**WORK INSTRUCTIONS:** In the material below, the lines from the one containing "by (rule measurable_compose[OF" through the one containing "using law by (rule PiM_cong[OF refl])" are to be given again exactly, ends included, and no others.

[TASK INPUT — start]

lemma (in prob_space) prob_card_ge_le:
  assumes "finite I" "\<And>j. j \<in> I \<Longrightarrow> Measurable.pred M (P j)" "0 < k"
  shows "prob {\<omega> \<in> space M. k \<le> real (card {j \<in> I. P j \<omega>})}
    \<le> (\<Sum>j\<in>I. prob {\<omega> \<in> space M. P j \<omega>}) / k"
proof -
  have count: "real (card {j \<in> I. P j \<omega>}) = (\<Sum>j\<in>I. indicator {\<omega> \<in> space M. P j \<omega>} \<omega>)"
    if "\<omega> \<in> space M" for \<omega>
    using assms(1) that by (simp add: indicator_def sum.If_cases Int_def)
  have events_P: "{\<omega> \<in> space M. P j \<omega>} \<in> events" if "j \<in> I" for j
    using assms(2)[OF that] by measurable
  have "prob {\<omega> \<in> space M. k \<le> real (card {j \<in> I. P j \<omega>})}
      = prob {\<omega> \<in> space M. k \<le> (\<Sum>j\<in>I. indicator {\<omega> \<in> space M. P j \<omega>} \<omega>)}"
    using count by (intro arg_cong[where f=prob]) auto
  also have "\<dots> \<le> (\<integral>\<omega>. (\<Sum>j\<in>I. indicator {\<omega> \<in> space M. P j \<omega>} \<omega>) \<partial>M) / k"
    using assms(3)
    by (intro integral_Markov_inequality_measure[where A="space M"])
      (auto intro!: sum_nonneg Bochner_Integration.integrable_sum integrable_real_indicator events_P
        simp: less_top[symmetric])
  also have "(\<integral>\<omega>. (\<Sum>j\<in>I. indicator {\<omega> \<in> space M. P j \<omega>} \<omega>) \<partial>M)
      = (\<Sum>j\<in>I. prob {\<omega> \<in> space M. P j \<omega>})"
    by (subst Bochner_Integration.integral_sum)
      (auto intro!: integrable_real_indicator events_P simp: less_top[symmetric] Int_absorb2)
  finally show ?thesis .
qed

lemma (in prob_space) prob_wrap_shift_ne_le:
  assumes [measurable]: "X \<in> borel_measurable M"
    and uniform: "distr M borel X = uniform_measure lborel {-1/2..1/2}"
  shows "prob {\<omega> \<in> space M. wrap (d + X \<omega>) \<noteq> d + X \<omega>} \<le> min 1 (2 * \<bar>d\<bar>)"
proof -
  have "prob {\<omega> \<in> space M. wrap (d + X \<omega>) \<noteq> d + X \<omega>}
      = measure (distr M borel X) {t. wrap (d + t) \<noteq> d + t}"
    by (subst measure_distr) (auto intro!: arg_cong[where f=prob])
  then have "prob {\<omega> \<in> space M. wrap (d + X \<omega>) \<noteq> d + X \<omega>} \<le> 2 * \<bar>d\<bar>"
    using measure_uniform_wrap_shift_ne[of d] uniform by (simp del: measure_uniform_measure)
  then show ?thesis
    by simp
qed

lemma (in prob_space) prob_card_wrap_shift_lt:
  assumes "finite I" and [measurable]: "\<And>j. X j \<in> borel_measurable M"
    and uniform: "\<And>j. j \<in> I \<Longrightarrow> distr M borel (X j) = uniform_measure lborel {-1/2..1/2}"
    and "0 \<le> k" and budget: "(\<Sum>j\<in>I. min 1 (2 * \<bar>d j\<bar>)) < k * (1 - p)"
  shows "p < prob {\<omega> \<in> space M. real (card {j \<in> I. wrap (d j + X j \<omega>) \<noteq> d j + X j \<omega>}) < k}"
proof -
  let ?P = "\<lambda>j \<omega>. wrap (d j + X j \<omega>) \<noteq> d j + X j \<omega>"
  have [measurable]: "(\<lambda>\<omega>. real (card {j \<in> I. ?P j \<omega>})) \<in> borel_measurable M"
    using \<open>finite I\<close> by (rule borel_measurable_card_Collect) measurable
  have "0 \<le> (\<Sum>j\<in>I. min 1 (2 * \<bar>d j\<bar>))"
    by (intro sum_nonneg) simp
  with budget \<open>0 \<le> k\<close> have "0 < k"
    by (cases "k = 0") auto
  have "prob {\<omega> \<in> space M. k \<le> real (card {j \<in> I. ?P j \<omega>})}
      \<le> (\<Sum>j\<in>I. prob {\<omega> \<in> space M. ?P j \<omega>}) / k"
    using \<open>finite I\<close> _ \<open>0 < k\<close> by (rule prob_card_ge_le) measurable
  also have "\<dots> \<le> (\<Sum>j\<in>I. min 1 (2 * \<bar>d j\<bar>)) / k"
    using \<open>0 < k\<close> uniform by (intro divide_right_mono sum_mono prob_wrap_shift_ne_le) auto
  also have "\<dots> < 1 - p"
    using divide_strict_right_mono[OF budget \<open>0 < k\<close>] \<open>0 < k\<close> by simp
  finally have "prob {\<omega> \<in> space M. k \<le> real (card {j \<in> I. ?P j \<omega>})} < 1 - p" .
  moreover have "prob {\<omega> \<in> space M. real (card {j \<in> I. ?P j \<omega>}) < k}
      = 1 - prob {\<omega> \<in> space M. k \<le> real (card {j \<in> I. ?P j \<omega>})}"
    by (subst prob_compl[symmetric]) (auto intro!: arg_cong[where f=prob])
  ultimately show ?thesis
    by linarith
qed

lemma (in prob_space) distr_restrict_compose_indep_vars:
  assumes indep: "indep_vars N X I"
    and f: "\<And>i. i \<in> I \<Longrightarrow> f i \<in> N i \<rightarrow>\<^sub>M N i"
    and law: "\<And>i. i \<in> I \<Longrightarrow> distr M (N i) (\<lambda>\<omega>. f i (X i \<omega>)) = distr M (N i) (X i)"
  shows "distr M (\<Pi>\<^sub>M i\<in>I. N i) (\<lambda>\<omega>. \<lambda>i\<in>I. f i (X i \<omega>))
    = distr M (\<Pi>\<^sub>M i\<in>I. N i) (\<lambda>\<omega>. \<lambda>i\<in>I. X i \<omega>)"
proof (cases "I = {}")
  case False
  have X: "X i \<in> M \<rightarrow>\<^sub>M N i" if "i \<in> I" for i
    using indep that by (simp add: indep_vars_def)
  have indep_f: "indep_vars N (\<lambda>i \<omega>. f i (X i \<omega>)) I"
    using indep f by (rule indep_vars_compose2)
  have fX: "(\<lambda>\<omega>. f i (X i \<omega>)) \<in> M \<rightarrow>\<^sub>M N i" if "i \<in> I" for i
    by (rule measurable_compose[OF X[OF that] f[OF that]])
  have "distr M (\<Pi>\<^sub>M i\<in>I. N i) (\<lambda>\<omega>. \<lambda>i\<in>I. f i (X i \<omega>))
      = (\<Pi>\<^sub>M i\<in>I. distr M (N i) (\<lambda>\<omega>. f i (X i \<omega>)))"
    using indep_vars_iff_distr_eq_PiM'[OF False fX] indep_f by simp
  also have "\<dots> = (\<Pi>\<^sub>M i\<in>I. distr M (N i) (X i))"
    using law by (rule PiM_cong[OF refl])
  also have "\<dots> = distr M (\<Pi>\<^sub>M i\<in>I. N i) (\<lambda>\<omega>. \<lambda>i\<in>I. X i \<omega>)"
    using indep_vars_iff_distr_eq_PiM'[OF False X] indep by simp
  finally show ?thesis .
qed (simp add: restrict_def)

[TASK INPUT — finish]

**EXERCISE RESULT:**
    by (rule measurable_compose[OF X[OF that] f[OF that]])
  have "distr M (\<Pi>\<^sub>M i\<in>I. N i) (\<lambda>\<omega>. \<lambda>i\<in>I. f i (X i \<omega>))
      = (\<Pi>\<^sub>M i\<in>I. distr M (N i) (\<lambda>\<omega>. f i (X i \<omega>)))"
    using indep_vars_iff_distr_eq_PiM'[OF False fX] indep_f by simp
  also have "\<dots> = (\<Pi>\<^sub>M i\<in>I. distr M (N i) (X i))"
    using law by (rule PiM_cong[OF refl])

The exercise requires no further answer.